# AI Apprentice Lab 4 Solution
#### Multi-Layered Perceptron Classification

1. The dataset provided is described below 
2. Use basic Python packages for numeric computing
3. Replace string values with appropriate ones
4. Split features and labels
5. Split data for training and testing
6. Train MLPClassifier from sklearn.neural_networks
7. Evaluate results

In [1]:
#      IMPORT REQUIRED LIBRARIES
import pandas
import numpy as np
import sklearn

In [2]:
#Load data into Python file: bank-full.csv
data = pandas.read_csv("Data/bank-full.csv", delimiter=';' )

## Dataset information


Citation Request:
  This dataset is public available for research. The details are described in [Moro et al., 2011]. 
  Please include this citation if you plan to use this database:

  [Moro et al., 2011] S. Moro, R. Laureano and P. Cortez. Using Data Mining for Bank Direct Marketing: An Application of the CRISP-DM Methodology. 
  In P. Novais et al. (Eds.), Proceedings of the European Simulation and Modelling Conference - ESM'2011, pp. 117-121, Guimarães, Portugal, October, 2011. EUROSIS.

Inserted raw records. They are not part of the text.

(* Let $K$ be an arbitrary field, $n\ge1$, and $m=\lfloor n/2\rfloor+1$. Then every $m\times m$ minor of the generic matrix $\Phi$ lies in the ideal of $A$ generated by $T_1,\dots,T_n$ and the entries of $\Phi^2$.
   Context: $A=K[\Phi_{a,b}:1\le a,b\le n]$ is the polynomial ring in the entries of the generic $n\times n$ matrix $\Phi$, and $T_i$ is the sum of all principal $i\times i$ minors of $\Phi$. *)

theory Defs
  imports "HOL-Library.Poly_Mapping" "Jordan_Normal_Form.Determinant" "Jordan_Normal_Form.DL_Submatrix"
begin

text \<open>The polynomial ring A = K[Phi_ab] in the n^2 variables Phi_(a,b), 0 <= a,b < n,
  represented as finitely supported maps from monomials (finitely supported exponent
  vectors indexed by pairs of naturals) to coefficients.\<close>
type_synonym 'a mpoly = "((nat \<times> nat) \<Rightarrow>\<^sub>0 nat) \<Rightarrow>\<^sub>0 'a"

definition Var :: "nat \<times> nat \<Rightarrow> 'a::comm_ring_1 mpoly" where
  "Var ab = Poly_Mapping.single (Poly_Mapping.single ab 1) 1"

definition generic_mat :: "nat \<Rightarrow> 'a::comm_ring_1 mpoly mat" where
  "generic_mat n = mat n n (\<lambda>(a,b). Var (a,b))"

definition T_coef :: "nat \<Rightarrow> nat \<Rightarrow> 'a::comm_ring_1 mpoly" where
  "T_coef n i = (\<Sum>S\<in>{S. S \<subseteq> {0..<n} \<and> card S = i}. det (submatrix (generic_mat n) S S))"

definition ideal_gen :: "'a::comm_ring_1 set \<Rightarrow> 'a set" where
  "ideal_gen G = {f. \<exists>S c. finite S \<and> S \<subseteq> G \<and> f = (\<Sum>g\<in>S. c g * g)}"

end

theory Submission
  imports Defs
begin

(* Over A[t] let M = Phi + tI and N = Phi - tI. Then MN = Phi^2 - t^2 I is congruent to c I
   with c = -t^2 modulo J[t], where J is the ideal in question, and replacing columns by unit
   vectors (Jacobi's complementary minor trick) gives, for S a set of indices of size k with
   complement S',
     det M * det N[S,S] == c^k * det M[S',S']   (mod J[t]).
   The coefficient of t^i in det M is T_(n-i), so every coefficient of det M below t^n lies in J;
   if 2k < n this puts the coefficient of t^(2k) of the left side in J. On the right side that
   coefficient is (-1)^k times the constant term det Phi[S',S']. For |S'| = floor(n/2) + 1 we
   have 2k < n. A non-principal minor Phi[I,K] is handled by permuting the rows of M and the
   columns of N, which keeps MN == c I and makes Phi[I,K] the constant term of det M[K,K]. *)

definition is_ideal :: "'a::comm_ring_1 set \<Rightarrow> bool" where
  "is_ideal J \<longleftrightarrow> 0 \<in> J \<and> (\<forall>x\<in>J. \<forall>y\<in>J. x + y \<in> J) \<and> (\<forall>x\<in>J. \<forall>r. r * x \<in> J)"

context
  fixes J :: "'a::comm_ring_1 set"
  assumes J: "is_ideal J"
begin

lemma ideal_zero: "0 \<in> J"
  using J unfolding is_ideal_def by blast

lemma ideal_add: "x \<in> J \<Longrightarrow> y \<in> J \<Longrightarrow> x + y \<in> J"
  using J unfolding is_ideal_def by blast

lemma ideal_mult_left: "x \<in> J \<Longrightarrow> r * x \<in> J"
  using J unfolding is_ideal_def by blast

lemma ideal_mult_right: "x \<in> J \<Longrightarrow> x * r \<in> J"
  by (metis ideal_mult_left mult.commute)

lemma ideal_diff: "x \<in> J \<Longrightarrow> y \<in> J \<Longrightarrow> x - y \<in> J"
  using ideal_add[of x "(-1) * y"] ideal_mult_left[of y "-1"] by simp

lemma ideal_sum: "(\<And>a. a \<in> A \<Longrightarrow> f a \<in> J) \<Longrightarrow> sum f A \<in> J"
  by (induction A rule: infinite_finite_induct) (auto simp: ideal_zero ideal_add)

lemma prod_diff_in_ideal:
  assumes "finite A" and "\<And>a. a \<in> A \<Longrightarrow> f a - g a \<in> J"
  shows "prod f A - prod g A \<in> J"
  using assms
proof (induction A rule: finite_induct)
  case empty
  show ?case using ideal_zero by simp
next
  case (insert a A)
  have "prod f (insert a A) - prod g (insert a A) = f a * (prod f A - prod g A) + (f a - g a) * prod g A"
    using insert.hyps by (simp add: algebra_simps)
  then show ?case
    using insert by (simp add: ideal_add ideal_mult_left ideal_mult_right)
qed

lemma det_diff_in_ideal:
  fixes A B :: "'a mat"
  assumes A: "A \<in> carrier_mat n n" and B: "B \<in> carrier_mat n n"
    and AB: "\<And>i j. i < n \<Longrightarrow> j < n \<Longrightarrow> A $$ (i, j) - B $$ (i, j) \<in> J"
  shows "det A - det B \<in> J"
proof -
  have "signof p * (\<Prod>i = 0..<n. A $$ (i, p i)) - signof p * (\<Prod>i = 0..<n. B $$ (i, p i)) \<in> J"
    if p: "p permutes {0..<n}" for p
  proof -
    have "(\<Prod>i = 0..<n. A $$ (i, p i)) - (\<Prod>i = 0..<n. B $$ (i, p i)) \<in> J"
      using p by (intro prod_diff_in_ideal AB) (auto simp: permutes_in_image)
    then show ?thesis
      using ideal_mult_left by (simp add: right_diff_distrib[symmetric])
  qed
  then have "(\<Sum>p | p permutes {0..<n}. signof p * (\<Prod>i = 0..<n. A $$ (i, p i))
      - signof p * (\<Prod>i = 0..<n. B $$ (i, p i))) \<in> J"
    by (intro ideal_sum) simp
  then show ?thesis
    by (simp add: det_def'[OF A] det_def'[OF B] sum_subtractf)
qed

end

lemma is_ideal_ideal_gen: "is_ideal (ideal_gen G)"
  unfolding is_ideal_def
proof (intro conjI ballI allI)
  show "0 \<in> ideal_gen G"
    unfolding ideal_gen_def by (intro CollectI exI[of _ "{}"]) simp
next
  fix x y assume "x \<in> ideal_gen G" "y \<in> ideal_gen G"
  then obtain S c T d where S: "finite S" "S \<subseteq> G" "x = (\<Sum>g\<in>S. c g * g)"
    and T: "finite T" "T \<subseteq> G" "y = (\<Sum>g\<in>T. d g * g)"
    unfolding ideal_gen_def by blast
  let ?e = "\<lambda>g. (if g \<in> S then c g else 0) + (if g \<in> T then d g else 0)"
  have e: "?e g * g = (if g \<in> S then c g * g else 0) + (if g \<in> T then d g * g else 0)" for g
    by (simp add: distrib_right)
  have "(\<Sum>g\<in>S \<union> T. ?e g * g) = x + y"
    unfolding e sum.distrib using S T by (simp flip: sum.inter_restrict add: Int_absorb1 Int_absorb2)
  then show "x + y \<in> ideal_gen G"
    unfolding ideal_gen_def using S(1,2) T(1,2) by (intro CollectI exI[of _ "S \<union> T"] exI[of _ ?e]) auto
next
  fix x r assume "x \<in> ideal_gen G"
  then obtain S c where S: "finite S" "S \<subseteq> G" "x = (\<Sum>g\<in>S. c g * g)"
    unfolding ideal_gen_def by blast
  then have "r * x = (\<Sum>g\<in>S. (r * c g) * g)"
    by (simp add: sum_distrib_left mult.assoc)
  then show "r * x \<in> ideal_gen G"
    unfolding ideal_gen_def using S(1,2) by (intro CollectI exI[of _ S] exI[of _ "\<lambda>g. r * c g"]) auto
qed

lemma generator_in_ideal_gen: "g \<in> G \<Longrightarrow> g \<in> ideal_gen G"
  unfolding ideal_gen_def by (intro CollectI exI[of _ "{g}"] exI[of _ "\<lambda>_. 1"]) auto

lemma bij_betw_pick:
  assumes "finite F"
  shows "bij_betw (pick F) {0..<card F} F"
proof -
  have inj: "inj_on (pick F) {0..<card F}"
    by (intro inj_onI) (metis atLeastLessThan_iff nat_neq_iff pick_mono)
  have "pick F ` {0..<card F} = F"
    using inj assms by (intro card_subset_eq) (auto simp: card_image pick_in_set)
  with inj show ?thesis by (simp add: bij_betw_def)
qed

lemma carrier_submatrix:
  assumes "A \<in> carrier_mat n m" and "I \<subseteq> {0..<n}" and "J \<subseteq> {0..<m}"
  shows "submatrix A I J \<in> carrier_mat (card I) (card J)"
proof -
  have rows: "{i. i < dim_row A \<and> i \<in> I} = I" and cols: "{j. j < dim_col A \<and> j \<in> J} = J"
    using assms by auto
  show ?thesis
    by (intro carrier_matI) (simp_all only: dim_submatrix rows cols)
qed

lemma submatrix_index_carrier:
  assumes "A \<in> carrier_mat n m" and "I \<subseteq> {0..<n}" and "J \<subseteq> {0..<m}"
    and "a < card I" and "b < card J"
  shows "submatrix A I J $$ (a, b) = A $$ (pick I a, pick J b)"
proof -
  have rows: "{i. i < dim_row A \<and> i \<in> I} = I" and cols: "{j. j < dim_col A \<and> j \<in> J} = J"
    using assms by auto
  show ?thesis
    by (rule submatrix_index) (unfold rows cols, fact+)
qed

lemma submatrix_eqI:
  assumes "A \<in> carrier_mat n m" and "B \<in> carrier_mat n m"
    and "I \<subseteq> {0..<n}" and "J \<subseteq> {0..<m}"
    and "\<And>i j. i \<in> I \<Longrightarrow> j \<in> J \<Longrightarrow> A $$ (i, j) = B $$ (i, j)"
  shows "submatrix A I J = submatrix B I J"
proof (rule eq_matI)
  fix a b assume "a < dim_row (submatrix B I J)" and "b < dim_col (submatrix B I J)"
  then have "a < card I" "b < card J"
    using carrier_submatrix[OF assms(2-4)] by auto
  then show "submatrix A I J $$ (a, b) = submatrix B I J $$ (a, b)"
    using assms by (simp add: submatrix_index_carrier pick_in_set)
qed (use carrier_submatrix[OF assms(1,3,4)] carrier_submatrix[OF assms(2-4)] in auto)

lemma submatrix_map_mat:
  assumes A: "A \<in> carrier_mat n m" and I: "I \<subseteq> {0..<n}" and J: "J \<subseteq> {0..<m}"
  shows "submatrix (map_mat f A) I J = map_mat f (submatrix A I J)"
proof -
  have fA: "map_mat f A \<in> carrier_mat n m"
    using A by simp
  show ?thesis
  proof (rule eq_matI)
    fix a b assume "a < dim_row (map_mat f (submatrix A I J))" "b < dim_col (map_mat f (submatrix A I J))"
    then have ab: "a < card I" "b < card J"
      using carrier_submatrix[OF A I J] by auto
    have "pick I a \<in> I" "pick J b \<in> J"
      using ab by (simp_all add: pick_in_set)
    then have "pick I a < n" "pick J b < m"
      using I J by auto
    then show "submatrix (map_mat f A) I J $$ (a, b) = map_mat f (submatrix A I J) $$ (a, b)"
      using ab A carrier_submatrix[OF A I J]
      by (simp add: submatrix_index_carrier[OF fA I J] submatrix_index_carrier[OF A I J])
  qed (use carrier_submatrix[OF A I J] carrier_submatrix[OF fA I J] in auto)
qed

lemma det_principal_submatrix_eq_sum_permutes:
  fixes A :: "'a::comm_ring_1 mat"
  assumes A: "A \<in> carrier_mat n n" and F: "F \<subseteq> {0..<n}"
  shows "det (submatrix A F F) = (\<Sum>p | p permutes F. signof p * (\<Prod>j\<in>F. A $$ (p j, j)))"
proof -
  let ?k = "card F"
  have pick: "bij_betw (pick F) {0..<?k} F"
    using F by (intro bij_betw_pick) (auto intro: finite_subset)
  define lift where "lift q = map_permutation {0..<?k} (pick F) q" for q
  have lift_bij: "bij_betw lift {q. q permutes {0..<?k}} {p. p permutes F}"
  proof -
    have "lift = (\<lambda>q x. if x \<in> F then pick F (q (inv_into {0..<?k} (pick F) x)) else x)"
      using pick by (auto simp: fun_eq_iff lift_def map_permutation_def restrict_id_def bij_betw_def)
    then show ?thesis using bij_betw_permutations[OF pick] by simp
  qed
  have "det (submatrix A F F) = (\<Sum>q | q permutes {0..<?k}. signof q * (\<Prod>j\<in>{0..<?k}. A $$ (pick F (q j), pick F j)))"
    unfolding det_col[OF carrier_submatrix[OF A F F]] lessThan_atLeast0
    by (intro sum.cong refl arg_cong2[where f = "(*)"] prod.cong)
       (auto simp: submatrix_index_carrier[OF A F F] permutes_in_image)
  also have "\<dots> = (\<Sum>q | q permutes {0..<?k}. signof (lift q) * (\<Prod>j\<in>F. A $$ (lift q j, j)))"
  proof (intro sum.cong refl)
    fix q assume "q \<in> {q. q permutes {0..<?k}}"
    then have q: "q permutes {0..<?k}" by simp
    have inj: "inj_on (pick F) {0..<?k}"
      using pick by (rule bij_betw_imp_inj_on)
    have "(\<Prod>j\<in>F. A $$ (lift q j, j)) = (\<Prod>j\<in>{0..<?k}. A $$ (lift q (pick F j), pick F j))"
      by (rule prod.reindex_bij_betw[OF pick, symmetric])
    also have "\<dots> = (\<Prod>j\<in>{0..<?k}. A $$ (pick F (q j), pick F j))"
      unfolding lift_def using inj by (intro prod.cong refl) (simp add: map_permutation_apply)
    moreover have "sign (lift q) = sign q"
      unfolding lift_def using inj q by (rule sign_map_permutation) simp
    ultimately show "signof q * (\<Prod>j\<in>{0..<?k}. A $$ (pick F (q j), pick F j))
        = signof (lift q) * (\<Prod>j\<in>F. A $$ (lift q j, j))"
      by simp
  qed
  also have "\<dots> = (\<Sum>p | p permutes F. signof p * (\<Prod>j\<in>F. A $$ (p j, j)))"
    by (rule sum.reindex_bij_betw[OF lift_bij])
  finally show ?thesis .
qed
lemma Digamma_diff_sums:
  fixes a b :: real
  assumes "a > 0" "b > 0"
  shows "(\<lambda>k. 1 / (real k + b) - 1 / (real k + a)) sums (Digamma a - Digamma b)"
proof -
  have "(\<lambda>k. inverse (real (Suc k)) - inverse (z + real k)) sums (Digamma z + euler_mascheroni)"
    if "z > 0" for z :: real
    using summable_Digamma[of z] that by (simp add: Digamma_def summable_sums)
  from sums_diff[OF this[OF \<open>a > 0\<close>] this[OF \<open>b > 0\<close>]] show ?thesis
    by (simp add: inverse_eq_divide add.commute)
qed

lemma inverse_sq_diff_sq_partial_fractions:
  fixes m t :: real
  assumes "t \<noteq> 0" "m - t \<noteq> 0" "m + t \<noteq> 0"
  shows "1 / (m\<^sup>2 - t\<^sup>2)\<^sup>2
    = (1 / (m - t)\<^sup>2 + 1 / (m + t)\<^sup>2 - (1 / (m - t) - 1 / (m + t)) / t) / (4 * t\<^sup>2)"
proof -
  define a b where "a = m - t" and "b = m + t"
  have ab: "a \<noteq> 0" "b \<noteq> 0" "m\<^sup>2 - t\<^sup>2 = a * b"
    using assms by (auto simp: a_def b_def power2_eq_square algebra_simps)
  have diff: "1 / a - 1 / b = 2 * t / (a * b)"
    using ab by (simp add: a_def b_def field_simps)
  have "1 / a\<^sup>2 + 1 / b\<^sup>2 - (1 / a - 1 / b) / t = (1 / a - 1 / b)\<^sup>2"
    using assms ab unfolding power2_diff by (simp add: diff field_simps power2_eq_square)
  also have "\<dots> = 4 * t\<^sup>2 * (1 / (m\<^sup>2 - t\<^sup>2)\<^sup>2)"
    unfolding diff ab by (simp add: power2_eq_square)
  finally show ?thesis
    using assms by (simp add: a_def b_def)
qed

definition inv_sq_diff_series :: "real \<Rightarrow> real \<Rightarrow> real" where
  "inv_sq_diff_series c t = (\<Sum>k. 1 / ((real k + c)\<^sup>2 - t\<^sup>2)\<^sup>2)"

lemma inv_sq_diff_sums:
  fixes c t :: real
  assumes "t \<noteq> 0" "\<bar>t\<bar> < c"
  shows "(\<lambda>k. 1 / ((real k + c)\<^sup>2 - t\<^sup>2)\<^sup>2) sums
    ((Polygamma 1 (c - t) + Polygamma 1 (c + t) - (Digamma (c + t) - Digamma (c - t)) / t) / (4 * t\<^sup>2))"
proof -
  have "(\<lambda>k. (1 / (real k + (c - t))\<^sup>2 + 1 / (real k + (c + t))\<^sup>2
      - (1 / (real k + (c - t)) - 1 / (real k + (c + t))) / t) / (4 * t\<^sup>2)) sums
    ((Polygamma 1 (c - t) + Polygamma 1 (c + t) - (Digamma (c + t) - Digamma (c - t)) / t) / (4 * t\<^sup>2))"
    using assms
    by (intro sums_divide sums_diff sums_add Polygamma_1_sums Digamma_diff_sums) auto
  moreover have "1 / ((real k + c)\<^sup>2 - t\<^sup>2)\<^sup>2 = (1 / (real k + (c - t))\<^sup>2 + 1 / (real k + (c + t))\<^sup>2
      - (1 / (real k + (c - t)) - 1 / (real k + (c + t))) / t) / (4 * t\<^sup>2)" for k
    using assms inverse_sq_diff_sq_partial_fractions[of t "real k + c"] by (simp add: algebra_simps)
  ultimately show ?thesis
    by simp
qed

lemma inv_sq_diff_sums_zero:
  fixes c :: real
  assumes "c > 0"
  shows "(\<lambda>k. 1 / ((real k + c)\<^sup>2 - 0\<^sup>2)\<^sup>2) sums (Polygamma 3 c / 6)"
  using Polygamma_3_sums[OF assms] by (simp add: power2_eq_square power4_eq_xxxx mult.assoc)

lemma summable_inv_sq_diff:
  fixes c t :: real
  assumes "\<bar>t\<bar> < c"
  shows "summable (\<lambda>k. 1 / ((real k + c)\<^sup>2 - t\<^sup>2)\<^sup>2)"
proof (cases "t = 0")
  case True
  with assms show ?thesis
    using inv_sq_diff_sums_zero[of c] by (simp add: sums_summable)
next
  case False
  with assms show ?thesis
    using inv_sq_diff_sums by (blast intro: sums_summable)
qed
definition cyc_mat :: "nat \<Rightarrow> mat" where
  "cyc_mat d = (\<lambda>i j. if i < d \<and> j = (i + 1) mod d then 1 else 0)"

definition mat_mult :: "nat \<Rightarrow> mat \<Rightarrow> mat \<Rightarrow> mat" where
  "mat_mult d A B = (\<lambda>i j. \<Sum>l<d. A i l * B l j)"

fun mat_pow :: "nat \<Rightarrow> mat \<Rightarrow> nat \<Rightarrow> mat" where
  "mat_pow d A 0 = id_mat d"
| "mat_pow d A (Suc k) = mat_mult d A (mat_pow d A k)"

definition mat_scale :: "real \<Rightarrow> mat \<Rightarrow> mat" where
  "mat_scale c A = (\<lambda>i j. c * A i j)"

definition mat_vec :: "nat \<Rightarrow> mat \<Rightarrow> vec \<Rightarrow> vec" where
  "mat_vec d A v = (\<lambda>i. \<Sum>j<d. A i j * v j)"

definition vnorm :: "nat \<Rightarrow> vec \<Rightarrow> real" where
  "vnorm d v = sqrt (\<Sum>i<d. (v i)\<^sup>2)"

definition first_pmf :: "nat \<Rightarrow> vec pmf" where
  "first_pmf d = pmf_of_set {(\<lambda>i. s * basis_vec j i) | s j. s \<in> {-1, 1} \<and> j < d}"

text \<open>Law of A_n: I_d with probability p, and each of -I_d, +-J_d, ..., +-J_d^(d-1)
  (2d-1 matrices, indexed by (sign, power)) with probability (1-p)/(2d-1).\<close>
definition A_pmf :: "nat \<Rightarrow> real \<Rightarrow> mat pmf" where
  "A_pmf d p = do {
     c \<leftarrow> bernoulli_pmf p;
     if c then return_pmf (id_mat d)
     else map_pmf (\<lambda>(s, k). mat_scale s (mat_pow d (cyc_mat d) k))
            (pmf_of_set ({(-1, 0)} \<union> ({-1, 1} \<times> {1..<d})))
   }"
(* Let $H$ be a digraph (possibly with loops) and let $D$ be an $H$-colored quasi-transitive digraph. If $k \geq 4$, then $D$ has a $(k,H)$-kernel.
   Context: All digraphs are finite. A digraph $D$ is quasi-transitive if for all distinct $u,v\in V(D)$, whenever there is a directed $uv$-path of length $2$, $u$ and $v$ are joined by an arc (in some direction). $D$ has no loops and comes with a map $\rho: A(D)\to V(H)$. For a walk $W=(x_0,\ldots,x_n)$ in $D$, there is an obstruction on $x_i$ if $(\rho(x_{i-1},x_i),\rho(x_i,x_{i+1})) \notin A(H)$; for an open walk this is considered at internal vertices $x_i$, $1\le i\le n-1$, for a closed walk at all $i\in\{0,\ldots,n-1\}$ with indices modulo $n$. $O_H(W)$ is the set of indices with an obstruction; the $H$-length is $l_H(W)=|O_H(W)|+1$ for open $W$ and $|O_H(W)|$ for closed $W$. A $(k,H)$-kernel ($k\ge2$) is a set $S\subseteq V(D)$ such that for every two distinct $u,v\in S$ every directed $uv$-path in $D$ has $H$-length at least $k$, and for every $x\in V(D)\setminus S$ there is a directed path from $x$ to a vertex of $S$ of $H$-length at most $k-1$. *)

theory Defs
  imports Main
begin

text \<open>The colouring is rho :: 'a \<times> 'a \<Rightarrow> 'c, only its values on A matter.\<close>

definition quasi_transitive :: "'a set \<Rightarrow> ('a \<times> 'a) set \<Rightarrow> bool" where
  "quasi_transitive V A \<longleftrightarrow>
     (\<forall>u\<in>V. \<forall>v\<in>V. \<forall>w\<in>V. u \<noteq> w \<and> (u, v) \<in> A \<and> (v, w) \<in> A \<longrightarrow> (u, w) \<in> A \<or> (w, u) \<in> A)"

definition is_path :: "('a \<times> 'a) set \<Rightarrow> 'a list \<Rightarrow> 'a \<Rightarrow> 'a \<Rightarrow> bool" where
  "is_path A xs u v \<longleftrightarrow> xs \<noteq> [] \<and> distinct xs \<and> hd xs = u \<and> last xs = v \<and>
     (\<forall>i. Suc i < length xs \<longrightarrow> (xs ! i, xs ! Suc i) \<in> A)"

definition obstructions :: "('c \<times> 'c) set \<Rightarrow> ('a \<times> 'a \<Rightarrow> 'c) \<Rightarrow> 'a list \<Rightarrow> nat set" where
  "obstructions AH \<rho> xs =
     {i. 1 \<le> i \<and> Suc i < length xs \<and> (\<rho> (xs ! (i - 1), xs ! i), \<rho> (xs ! i, xs ! Suc i)) \<notin> AH}"

definition H_length :: "('c \<times> 'c) set \<Rightarrow> ('a \<times> 'a \<Rightarrow> 'c) \<Rightarrow> 'a list \<Rightarrow> nat" where
  "H_length AH \<rho> xs = card (obstructions AH \<rho> xs) + 1"
(* If $n\ge 3t+1$, then in every execution of COOL there is a value $\boldsymbol M\ne\phi$ such that, at the end of Phase 3, the updated message $\boldsymbol w^{(i)}$ of every honest processor $i$ belongs to $\{\boldsymbol M,\phi\}$; that is, at most one group of honest processors holds a common non-empty updated message, and all other honest processors hold the empty updated message $\phi$.
   Context: Setting. $n$ processors indexed by $[1:n]$, pairwise joined by reliable private synchronous channels; recipients know senders. At most $t$ processors are dishonest, controlled by a Byzantine adversary of unbounded computational power knowing all inputs, who may make them deviate arbitrarily (missing values are replaced by a fixed default); the others are honest. Processor $i$ holds an $\ell$-bit initial message $\boldsymbol w_i$. $\phi$ is a default value different from every $\ell$-bit message. Logarithms are base 2. Code. $k=\lfloor t/5\rfloor+1$, $c=\lceil \max\{\ell,(t/5+1)\log(n+1)\}/k\rceil$. Messages are zero-padded to $kc$ bits and viewed in $GF(2^c)^k$. Integers in $[1:n]$ are identified with distinct nonzero elements of $GF(2^c)$; $\boldsymbol h_i\in GF(2^c)^k$ has entries $h_{i,j}=\prod_{p\in[1:k],\,p\ne j}\frac{i-p}{j-p}$ (field arithmetic). COOL (honest processor $i$). Initialization: updated message $\boldsymbol w^{(i)}:=\boldsymbol w_i$, $y^{(i)}_j:=\boldsymbol h_j^{\mathsf T}\boldsymbol w_i$ for $j\in[1:n]$, $u_i(i):=1$. Phase 1. (a) Send $(y^{(i)}_j,y^{(i)}_i)$ to each $j\ne i$. (b) For $j\ne i$, link indicator $u_i(j):=1$ if the pair received from $j$ equals $(y^{(i)}_i,y^{(i)}_j)$, else $0$. Success indicator $s_i:=1$ if $\sum_{j=1}^n u_i(j)\ge n-t$; otherwise $s_i:=0$ and $\boldsymbol w^{(i)}:=\phi$. (c) Send $s_i$ to all; each processor records the indicator received from each $j$ (own for itself) and forms $\mathcal S_1=\{j:s_j=1\}$, $\mathcal S_0=\{j:s_j=0\}$ (views may differ). Phase 2. If $s_i=1$: set $u_i(j):=0$ for all $j\in\mathcal S_0$; if now $\sum_j u_i(j)<n-t$, set $s_i:=0$, $\boldsymbol w^{(i)}:=\phi$, and send $s_i=0$ to all. Everyone overwrites recorded indicators with newly received ones and recomputes $\mathcal S_0,\mathcal S_1$. Phase 3. Repeat Phase 2 once more. Vote $v_i:=1$ if the recorded indicators satisfy $\sum_j s_j\ge 2t+1$, else $0$. Run on the votes a deterministic error-free binary Byzantine agreement protocol for $t<n/3$. If the decision is $0$: set $\boldsymbol w^{(i)}:=\phi$, output $\phi$, stop. Phase 4 (decision 1). If $s_i=0$: replace $y^{(i)}_i$ by the most frequent first component of the Phase-1 pairs received from $j\in\mathcal S_1$; send it to each $j\in\mathcal S_0\setminus\{i\}$; decode from $z_1,\dots,z_n$ ($z_i=y^{(i)}_i$; Phase-4 values for $j\in\mathcal S_0$; second components of Phase-1 pairs for $j\in\mathcal S_1$) a message $\boldsymbol x$ with $\boldsymbol h_j^{\mathsf T}\boldsymbol x=z_j$ for at least $n-t$ indices, and set $\boldsymbol w^{(i)}:=\boldsymbol x$. If $s_i=1$ keep $\boldsymbol w^{(i)}$. Output $\boldsymbol w^{(i)}$. *)

theory Defs
  imports Complex_Main
begin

  Available at: [pdf] http://hdl.handle.net/1822/14838
                [bib] http://www3.dsi.uminho.pt/pcortez/bib/2011-esm-1.txt

1. Title: Bank Marketing

2. Sources
   Created by: Paulo Cortez (Univ. Minho) and Sérgio Moro (ISCTE-IUL) @ 2012
   
3. Past Usage:

  The full dataset was described and analyzed in:

  S. Moro, R. Laureano and P. Cortez. Using Data Mining for Bank Direct Marketing: An Application of the CRISP-DM Methodology. 
  In P. Novais et al. (Eds.), Proceedings of the European Simulation and Modelling Conference - ESM'2011, pp. 117-121, Guimarães, 
  Portugal, October, 2011. EUROSIS.

4. Relevant Information:
   ### Dataset features
   The data is related with direct marketing campaigns of a Portuguese banking institution. 
   The marketing campaigns were based on phone calls. Often, more than one contact to the same client was required, 
   in order to access if the product (bank term deposit) would be (or not) subscribed. 

   There are two datasets: 
      1) bank-full.csv with all examples, ordered by date (from May 2008 to November 2010).
      2) bank.csv with 10% of the examples (4521), randomly selected from bank-full.csv.
   The smallest dataset is provided to test more computationally demanding machine learning algorithms (e.g. SVM).

   The classification goal is to predict if the client will subscribe a term deposit (variable y).

5. Number of Instances: 45211 for bank-full.csv (4521 for bank.csv)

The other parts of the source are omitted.